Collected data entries
=-=-=

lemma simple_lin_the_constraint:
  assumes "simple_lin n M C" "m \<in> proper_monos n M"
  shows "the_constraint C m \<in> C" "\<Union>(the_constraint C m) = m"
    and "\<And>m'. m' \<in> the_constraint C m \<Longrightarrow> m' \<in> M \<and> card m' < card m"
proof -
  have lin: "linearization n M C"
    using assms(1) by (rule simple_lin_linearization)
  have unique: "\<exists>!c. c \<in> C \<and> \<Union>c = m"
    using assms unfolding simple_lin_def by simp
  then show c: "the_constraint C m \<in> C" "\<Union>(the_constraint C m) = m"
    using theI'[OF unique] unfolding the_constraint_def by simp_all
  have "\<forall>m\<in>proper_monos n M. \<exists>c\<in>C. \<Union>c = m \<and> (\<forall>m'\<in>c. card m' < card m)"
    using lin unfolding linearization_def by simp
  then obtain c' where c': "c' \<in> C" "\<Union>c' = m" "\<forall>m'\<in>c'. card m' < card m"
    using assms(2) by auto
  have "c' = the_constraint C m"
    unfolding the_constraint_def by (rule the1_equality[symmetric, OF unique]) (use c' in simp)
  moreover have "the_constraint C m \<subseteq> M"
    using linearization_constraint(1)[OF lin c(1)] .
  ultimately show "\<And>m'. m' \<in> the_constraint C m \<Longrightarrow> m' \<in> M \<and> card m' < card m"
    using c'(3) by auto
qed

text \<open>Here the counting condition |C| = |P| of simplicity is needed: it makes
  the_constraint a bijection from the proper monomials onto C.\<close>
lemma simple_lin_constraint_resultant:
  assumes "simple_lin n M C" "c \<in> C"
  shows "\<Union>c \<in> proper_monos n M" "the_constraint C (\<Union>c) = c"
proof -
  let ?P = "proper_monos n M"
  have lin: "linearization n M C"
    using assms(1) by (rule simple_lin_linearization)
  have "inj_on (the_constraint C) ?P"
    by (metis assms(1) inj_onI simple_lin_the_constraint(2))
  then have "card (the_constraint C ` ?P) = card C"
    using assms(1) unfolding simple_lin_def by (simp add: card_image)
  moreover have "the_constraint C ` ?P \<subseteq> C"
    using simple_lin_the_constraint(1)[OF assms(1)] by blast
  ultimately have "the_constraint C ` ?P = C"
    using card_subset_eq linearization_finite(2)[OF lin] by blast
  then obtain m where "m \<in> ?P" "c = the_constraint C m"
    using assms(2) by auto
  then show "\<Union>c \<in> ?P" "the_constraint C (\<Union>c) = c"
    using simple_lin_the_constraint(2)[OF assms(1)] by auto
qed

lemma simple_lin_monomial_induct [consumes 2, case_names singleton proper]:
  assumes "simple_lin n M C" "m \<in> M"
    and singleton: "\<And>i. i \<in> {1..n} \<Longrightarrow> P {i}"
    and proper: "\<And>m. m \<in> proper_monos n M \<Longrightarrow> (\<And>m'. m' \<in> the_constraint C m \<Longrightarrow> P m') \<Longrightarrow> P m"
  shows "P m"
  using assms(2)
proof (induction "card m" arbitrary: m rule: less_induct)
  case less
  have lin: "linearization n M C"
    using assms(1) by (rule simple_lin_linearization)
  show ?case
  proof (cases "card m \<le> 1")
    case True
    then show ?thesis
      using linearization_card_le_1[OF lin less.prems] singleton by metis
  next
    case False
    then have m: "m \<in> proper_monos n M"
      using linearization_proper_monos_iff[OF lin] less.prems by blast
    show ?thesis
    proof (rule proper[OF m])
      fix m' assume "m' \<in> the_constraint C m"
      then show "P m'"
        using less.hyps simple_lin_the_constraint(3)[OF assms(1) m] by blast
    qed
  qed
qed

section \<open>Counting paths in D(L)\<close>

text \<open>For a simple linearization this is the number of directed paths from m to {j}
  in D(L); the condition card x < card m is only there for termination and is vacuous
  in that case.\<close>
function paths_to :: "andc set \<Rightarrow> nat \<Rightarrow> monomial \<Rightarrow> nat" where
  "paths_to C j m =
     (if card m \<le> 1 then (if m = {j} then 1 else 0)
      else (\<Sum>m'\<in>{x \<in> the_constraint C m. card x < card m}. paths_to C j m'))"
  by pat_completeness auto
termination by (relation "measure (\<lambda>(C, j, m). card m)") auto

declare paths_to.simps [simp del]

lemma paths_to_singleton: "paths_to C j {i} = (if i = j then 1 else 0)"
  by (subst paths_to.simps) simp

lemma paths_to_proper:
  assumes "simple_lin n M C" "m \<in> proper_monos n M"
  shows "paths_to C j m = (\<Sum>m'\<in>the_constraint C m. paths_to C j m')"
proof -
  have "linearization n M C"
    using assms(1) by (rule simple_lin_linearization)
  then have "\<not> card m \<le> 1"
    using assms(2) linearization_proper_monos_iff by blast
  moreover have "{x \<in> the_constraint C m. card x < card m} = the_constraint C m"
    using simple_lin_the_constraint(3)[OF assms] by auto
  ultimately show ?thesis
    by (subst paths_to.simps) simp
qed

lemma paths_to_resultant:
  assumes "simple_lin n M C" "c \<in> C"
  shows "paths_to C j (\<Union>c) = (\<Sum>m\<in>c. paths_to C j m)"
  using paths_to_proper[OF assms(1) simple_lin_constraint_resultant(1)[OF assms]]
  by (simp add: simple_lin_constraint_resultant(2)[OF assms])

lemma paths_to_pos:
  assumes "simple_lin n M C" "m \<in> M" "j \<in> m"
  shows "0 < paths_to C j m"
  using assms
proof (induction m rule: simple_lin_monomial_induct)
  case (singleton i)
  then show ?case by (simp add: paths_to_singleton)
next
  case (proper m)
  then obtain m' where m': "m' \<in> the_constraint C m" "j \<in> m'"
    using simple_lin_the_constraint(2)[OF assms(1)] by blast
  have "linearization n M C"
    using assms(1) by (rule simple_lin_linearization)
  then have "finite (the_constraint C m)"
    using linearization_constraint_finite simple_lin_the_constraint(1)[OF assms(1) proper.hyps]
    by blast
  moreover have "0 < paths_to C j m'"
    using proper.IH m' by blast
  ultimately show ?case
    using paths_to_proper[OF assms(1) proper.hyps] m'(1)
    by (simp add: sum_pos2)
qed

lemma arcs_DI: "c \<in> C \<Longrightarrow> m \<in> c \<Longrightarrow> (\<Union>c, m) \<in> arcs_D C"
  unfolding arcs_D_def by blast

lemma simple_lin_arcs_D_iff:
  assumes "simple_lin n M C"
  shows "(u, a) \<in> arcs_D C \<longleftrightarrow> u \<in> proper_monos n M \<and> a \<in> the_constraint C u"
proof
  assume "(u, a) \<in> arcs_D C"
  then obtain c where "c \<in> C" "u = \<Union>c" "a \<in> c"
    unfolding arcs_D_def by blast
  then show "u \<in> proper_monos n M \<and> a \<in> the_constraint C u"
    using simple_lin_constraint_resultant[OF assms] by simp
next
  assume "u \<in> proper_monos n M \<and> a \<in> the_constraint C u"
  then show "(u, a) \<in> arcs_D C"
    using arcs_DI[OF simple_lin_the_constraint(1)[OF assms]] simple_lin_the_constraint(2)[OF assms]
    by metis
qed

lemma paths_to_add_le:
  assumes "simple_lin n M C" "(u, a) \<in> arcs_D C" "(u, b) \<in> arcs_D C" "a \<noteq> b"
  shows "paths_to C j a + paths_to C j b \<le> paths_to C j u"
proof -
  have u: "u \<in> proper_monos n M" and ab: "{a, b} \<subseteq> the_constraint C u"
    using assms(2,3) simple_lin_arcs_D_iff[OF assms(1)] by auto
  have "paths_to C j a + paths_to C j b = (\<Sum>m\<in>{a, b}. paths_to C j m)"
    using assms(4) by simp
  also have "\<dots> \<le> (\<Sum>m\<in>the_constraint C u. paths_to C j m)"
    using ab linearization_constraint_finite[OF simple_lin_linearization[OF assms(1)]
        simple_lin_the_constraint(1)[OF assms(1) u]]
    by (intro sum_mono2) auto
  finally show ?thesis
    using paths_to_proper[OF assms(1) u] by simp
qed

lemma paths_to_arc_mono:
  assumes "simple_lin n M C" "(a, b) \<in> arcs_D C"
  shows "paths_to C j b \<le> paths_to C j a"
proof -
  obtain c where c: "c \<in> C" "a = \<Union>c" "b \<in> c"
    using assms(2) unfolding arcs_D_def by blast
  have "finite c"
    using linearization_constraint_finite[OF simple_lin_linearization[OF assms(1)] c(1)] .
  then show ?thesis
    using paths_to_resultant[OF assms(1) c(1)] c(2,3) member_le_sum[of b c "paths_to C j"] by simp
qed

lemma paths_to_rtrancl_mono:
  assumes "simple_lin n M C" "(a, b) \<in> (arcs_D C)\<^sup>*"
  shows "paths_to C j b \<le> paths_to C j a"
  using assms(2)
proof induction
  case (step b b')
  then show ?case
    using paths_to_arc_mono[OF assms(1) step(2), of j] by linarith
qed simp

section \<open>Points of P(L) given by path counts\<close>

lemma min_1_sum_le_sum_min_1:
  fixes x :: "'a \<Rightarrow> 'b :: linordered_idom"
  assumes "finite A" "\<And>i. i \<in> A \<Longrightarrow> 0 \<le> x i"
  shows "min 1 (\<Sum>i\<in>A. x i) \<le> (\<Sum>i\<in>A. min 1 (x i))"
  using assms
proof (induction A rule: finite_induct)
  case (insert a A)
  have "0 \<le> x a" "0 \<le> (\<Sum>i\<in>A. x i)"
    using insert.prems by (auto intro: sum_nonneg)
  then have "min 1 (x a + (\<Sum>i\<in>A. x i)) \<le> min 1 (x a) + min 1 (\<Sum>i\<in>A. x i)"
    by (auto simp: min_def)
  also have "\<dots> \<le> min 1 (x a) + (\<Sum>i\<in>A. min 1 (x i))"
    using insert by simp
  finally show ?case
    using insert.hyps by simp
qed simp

=-=-=

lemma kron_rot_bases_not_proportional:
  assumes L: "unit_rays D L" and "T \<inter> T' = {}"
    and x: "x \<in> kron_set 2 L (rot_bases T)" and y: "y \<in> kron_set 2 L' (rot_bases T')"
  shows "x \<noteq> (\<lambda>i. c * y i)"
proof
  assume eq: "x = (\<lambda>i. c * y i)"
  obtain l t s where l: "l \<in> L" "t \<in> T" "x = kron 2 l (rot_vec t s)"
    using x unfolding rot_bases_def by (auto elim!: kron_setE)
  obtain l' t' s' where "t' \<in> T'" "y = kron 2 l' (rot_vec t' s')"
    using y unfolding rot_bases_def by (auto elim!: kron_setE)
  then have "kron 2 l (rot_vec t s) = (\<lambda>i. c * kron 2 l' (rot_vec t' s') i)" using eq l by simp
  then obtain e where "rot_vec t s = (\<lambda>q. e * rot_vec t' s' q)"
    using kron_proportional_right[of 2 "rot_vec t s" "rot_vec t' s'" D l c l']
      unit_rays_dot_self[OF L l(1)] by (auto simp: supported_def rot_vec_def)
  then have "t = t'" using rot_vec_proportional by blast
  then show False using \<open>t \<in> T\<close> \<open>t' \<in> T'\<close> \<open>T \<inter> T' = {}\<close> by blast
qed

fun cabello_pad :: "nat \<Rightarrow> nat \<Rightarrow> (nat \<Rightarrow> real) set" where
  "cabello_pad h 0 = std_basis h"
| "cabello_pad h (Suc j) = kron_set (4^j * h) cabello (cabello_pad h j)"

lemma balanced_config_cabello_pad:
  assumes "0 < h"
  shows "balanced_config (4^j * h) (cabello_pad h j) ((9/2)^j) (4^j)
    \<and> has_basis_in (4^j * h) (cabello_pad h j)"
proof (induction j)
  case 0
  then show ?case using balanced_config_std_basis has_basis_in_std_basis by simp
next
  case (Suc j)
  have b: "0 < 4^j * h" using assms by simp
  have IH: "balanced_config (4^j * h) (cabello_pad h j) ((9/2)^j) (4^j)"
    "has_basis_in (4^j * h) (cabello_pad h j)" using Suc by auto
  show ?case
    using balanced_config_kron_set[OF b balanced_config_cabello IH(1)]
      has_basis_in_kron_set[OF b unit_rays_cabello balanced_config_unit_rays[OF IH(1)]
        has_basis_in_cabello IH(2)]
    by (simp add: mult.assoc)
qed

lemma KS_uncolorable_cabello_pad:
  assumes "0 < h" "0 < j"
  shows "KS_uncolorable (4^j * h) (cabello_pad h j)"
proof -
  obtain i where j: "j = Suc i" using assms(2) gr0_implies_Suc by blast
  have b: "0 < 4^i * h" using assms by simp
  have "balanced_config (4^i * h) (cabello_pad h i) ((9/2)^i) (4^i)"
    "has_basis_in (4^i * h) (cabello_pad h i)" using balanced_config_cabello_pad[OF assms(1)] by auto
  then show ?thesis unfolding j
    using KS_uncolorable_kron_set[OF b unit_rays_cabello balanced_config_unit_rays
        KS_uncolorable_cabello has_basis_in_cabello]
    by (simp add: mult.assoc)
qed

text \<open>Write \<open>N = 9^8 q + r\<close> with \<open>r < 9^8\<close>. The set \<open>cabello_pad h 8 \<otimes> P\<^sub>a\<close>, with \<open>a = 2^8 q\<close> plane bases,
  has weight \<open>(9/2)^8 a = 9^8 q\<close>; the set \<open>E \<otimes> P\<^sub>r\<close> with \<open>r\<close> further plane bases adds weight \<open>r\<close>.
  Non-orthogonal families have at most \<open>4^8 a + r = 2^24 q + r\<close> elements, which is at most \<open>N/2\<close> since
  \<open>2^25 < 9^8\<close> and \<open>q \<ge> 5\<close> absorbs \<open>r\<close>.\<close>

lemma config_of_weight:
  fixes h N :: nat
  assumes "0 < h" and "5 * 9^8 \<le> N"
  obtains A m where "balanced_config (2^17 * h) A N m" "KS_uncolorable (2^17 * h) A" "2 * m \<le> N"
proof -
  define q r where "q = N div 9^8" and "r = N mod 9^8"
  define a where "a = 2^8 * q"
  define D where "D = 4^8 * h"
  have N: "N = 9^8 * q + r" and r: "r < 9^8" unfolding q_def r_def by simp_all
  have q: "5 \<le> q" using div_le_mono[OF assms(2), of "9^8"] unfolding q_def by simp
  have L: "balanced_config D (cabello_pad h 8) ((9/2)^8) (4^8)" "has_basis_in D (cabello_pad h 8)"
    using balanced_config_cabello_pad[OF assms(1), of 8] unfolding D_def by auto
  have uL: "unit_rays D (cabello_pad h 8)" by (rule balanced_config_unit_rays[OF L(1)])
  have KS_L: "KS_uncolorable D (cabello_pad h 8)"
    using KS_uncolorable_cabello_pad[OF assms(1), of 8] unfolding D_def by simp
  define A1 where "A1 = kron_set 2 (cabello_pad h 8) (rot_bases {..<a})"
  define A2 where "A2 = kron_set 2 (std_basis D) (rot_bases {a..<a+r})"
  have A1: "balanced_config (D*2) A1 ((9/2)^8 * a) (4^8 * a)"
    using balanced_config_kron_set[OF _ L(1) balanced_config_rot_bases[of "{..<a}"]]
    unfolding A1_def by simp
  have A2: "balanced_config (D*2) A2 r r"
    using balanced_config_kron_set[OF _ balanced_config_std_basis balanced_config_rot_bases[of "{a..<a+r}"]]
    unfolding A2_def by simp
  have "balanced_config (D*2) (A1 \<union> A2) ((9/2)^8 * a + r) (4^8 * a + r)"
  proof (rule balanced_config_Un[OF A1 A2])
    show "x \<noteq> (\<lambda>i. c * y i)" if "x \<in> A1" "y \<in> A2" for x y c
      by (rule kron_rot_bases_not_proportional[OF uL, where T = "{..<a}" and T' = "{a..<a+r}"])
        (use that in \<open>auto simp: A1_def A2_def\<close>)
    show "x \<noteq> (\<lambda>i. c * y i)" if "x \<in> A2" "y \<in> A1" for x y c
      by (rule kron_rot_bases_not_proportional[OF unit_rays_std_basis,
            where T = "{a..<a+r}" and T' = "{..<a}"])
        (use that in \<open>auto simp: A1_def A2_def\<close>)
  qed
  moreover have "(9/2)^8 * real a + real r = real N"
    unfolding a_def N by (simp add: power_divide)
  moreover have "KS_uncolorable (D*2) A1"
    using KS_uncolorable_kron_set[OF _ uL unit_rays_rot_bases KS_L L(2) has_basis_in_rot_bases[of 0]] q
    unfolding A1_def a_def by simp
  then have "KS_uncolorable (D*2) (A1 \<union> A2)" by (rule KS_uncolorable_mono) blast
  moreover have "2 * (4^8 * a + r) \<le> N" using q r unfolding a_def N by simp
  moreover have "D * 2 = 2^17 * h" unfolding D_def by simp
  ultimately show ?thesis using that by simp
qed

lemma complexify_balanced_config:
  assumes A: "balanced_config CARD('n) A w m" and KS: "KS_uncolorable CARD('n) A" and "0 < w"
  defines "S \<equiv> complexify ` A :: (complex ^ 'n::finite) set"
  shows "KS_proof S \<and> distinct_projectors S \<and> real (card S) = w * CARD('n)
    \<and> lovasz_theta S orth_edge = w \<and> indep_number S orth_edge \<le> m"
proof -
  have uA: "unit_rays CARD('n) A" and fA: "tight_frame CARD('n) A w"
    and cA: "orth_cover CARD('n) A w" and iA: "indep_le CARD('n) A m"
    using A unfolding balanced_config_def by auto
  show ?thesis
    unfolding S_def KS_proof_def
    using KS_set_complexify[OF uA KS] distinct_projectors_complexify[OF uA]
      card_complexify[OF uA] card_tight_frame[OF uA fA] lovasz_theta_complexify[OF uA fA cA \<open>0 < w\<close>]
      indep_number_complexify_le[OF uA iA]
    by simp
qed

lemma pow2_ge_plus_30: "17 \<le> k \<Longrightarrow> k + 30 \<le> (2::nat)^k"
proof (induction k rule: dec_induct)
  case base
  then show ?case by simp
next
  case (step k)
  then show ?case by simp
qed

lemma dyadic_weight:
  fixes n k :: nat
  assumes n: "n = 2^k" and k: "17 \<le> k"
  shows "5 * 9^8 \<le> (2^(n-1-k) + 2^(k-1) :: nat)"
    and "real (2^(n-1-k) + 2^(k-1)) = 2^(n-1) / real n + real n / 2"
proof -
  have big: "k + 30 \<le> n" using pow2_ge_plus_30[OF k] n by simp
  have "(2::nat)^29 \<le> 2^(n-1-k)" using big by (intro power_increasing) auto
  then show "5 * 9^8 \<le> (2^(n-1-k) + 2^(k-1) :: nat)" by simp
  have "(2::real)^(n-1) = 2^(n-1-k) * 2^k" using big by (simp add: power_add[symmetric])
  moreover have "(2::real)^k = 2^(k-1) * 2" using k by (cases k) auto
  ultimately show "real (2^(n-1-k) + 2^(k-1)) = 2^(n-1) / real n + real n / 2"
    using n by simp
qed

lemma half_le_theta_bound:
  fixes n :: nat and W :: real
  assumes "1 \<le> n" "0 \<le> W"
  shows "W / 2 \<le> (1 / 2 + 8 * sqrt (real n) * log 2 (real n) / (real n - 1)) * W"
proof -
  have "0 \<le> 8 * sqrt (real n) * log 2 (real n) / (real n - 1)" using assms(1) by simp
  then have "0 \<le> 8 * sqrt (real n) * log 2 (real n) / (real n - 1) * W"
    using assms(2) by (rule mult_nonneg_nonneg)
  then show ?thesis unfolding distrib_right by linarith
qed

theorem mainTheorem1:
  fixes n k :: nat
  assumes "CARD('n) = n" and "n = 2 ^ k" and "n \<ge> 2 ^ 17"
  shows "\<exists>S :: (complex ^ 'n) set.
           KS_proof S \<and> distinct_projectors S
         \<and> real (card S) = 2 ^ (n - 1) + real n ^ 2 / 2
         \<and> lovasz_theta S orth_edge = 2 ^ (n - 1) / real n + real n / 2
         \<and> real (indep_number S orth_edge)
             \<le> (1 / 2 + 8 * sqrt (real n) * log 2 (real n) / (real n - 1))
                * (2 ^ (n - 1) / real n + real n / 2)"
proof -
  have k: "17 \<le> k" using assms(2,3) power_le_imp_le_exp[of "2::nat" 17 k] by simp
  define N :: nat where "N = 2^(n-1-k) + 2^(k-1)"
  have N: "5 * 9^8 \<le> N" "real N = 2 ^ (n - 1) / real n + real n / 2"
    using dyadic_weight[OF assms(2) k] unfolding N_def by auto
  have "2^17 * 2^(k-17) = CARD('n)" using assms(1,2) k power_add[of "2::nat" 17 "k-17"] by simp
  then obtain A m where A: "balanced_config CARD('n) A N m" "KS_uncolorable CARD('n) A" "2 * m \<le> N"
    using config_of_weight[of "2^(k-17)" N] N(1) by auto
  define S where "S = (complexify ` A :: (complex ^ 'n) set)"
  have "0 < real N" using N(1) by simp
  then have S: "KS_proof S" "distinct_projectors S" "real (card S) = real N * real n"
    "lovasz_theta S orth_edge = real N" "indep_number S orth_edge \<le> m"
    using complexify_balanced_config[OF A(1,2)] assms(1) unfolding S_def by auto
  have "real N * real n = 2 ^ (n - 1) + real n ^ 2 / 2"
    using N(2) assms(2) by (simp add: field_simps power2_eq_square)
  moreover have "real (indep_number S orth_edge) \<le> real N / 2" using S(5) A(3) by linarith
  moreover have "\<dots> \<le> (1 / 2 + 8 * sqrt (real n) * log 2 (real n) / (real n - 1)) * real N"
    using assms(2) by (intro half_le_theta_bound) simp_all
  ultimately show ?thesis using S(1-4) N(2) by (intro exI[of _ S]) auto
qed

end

=-=-=

Aim of the exercise:
Every line of the entries above that holds "unique" should be copied out.

Answer area:
  have unique: "\<exists>!c. c \<in> C \<and> \<Union>c = m"
    using theI'[OF unique] unfolding the_constraint_def by simp_all
    unfolding the_constraint_def by (rule the1_equality[symmetric, OF unique]) (use c' in simp)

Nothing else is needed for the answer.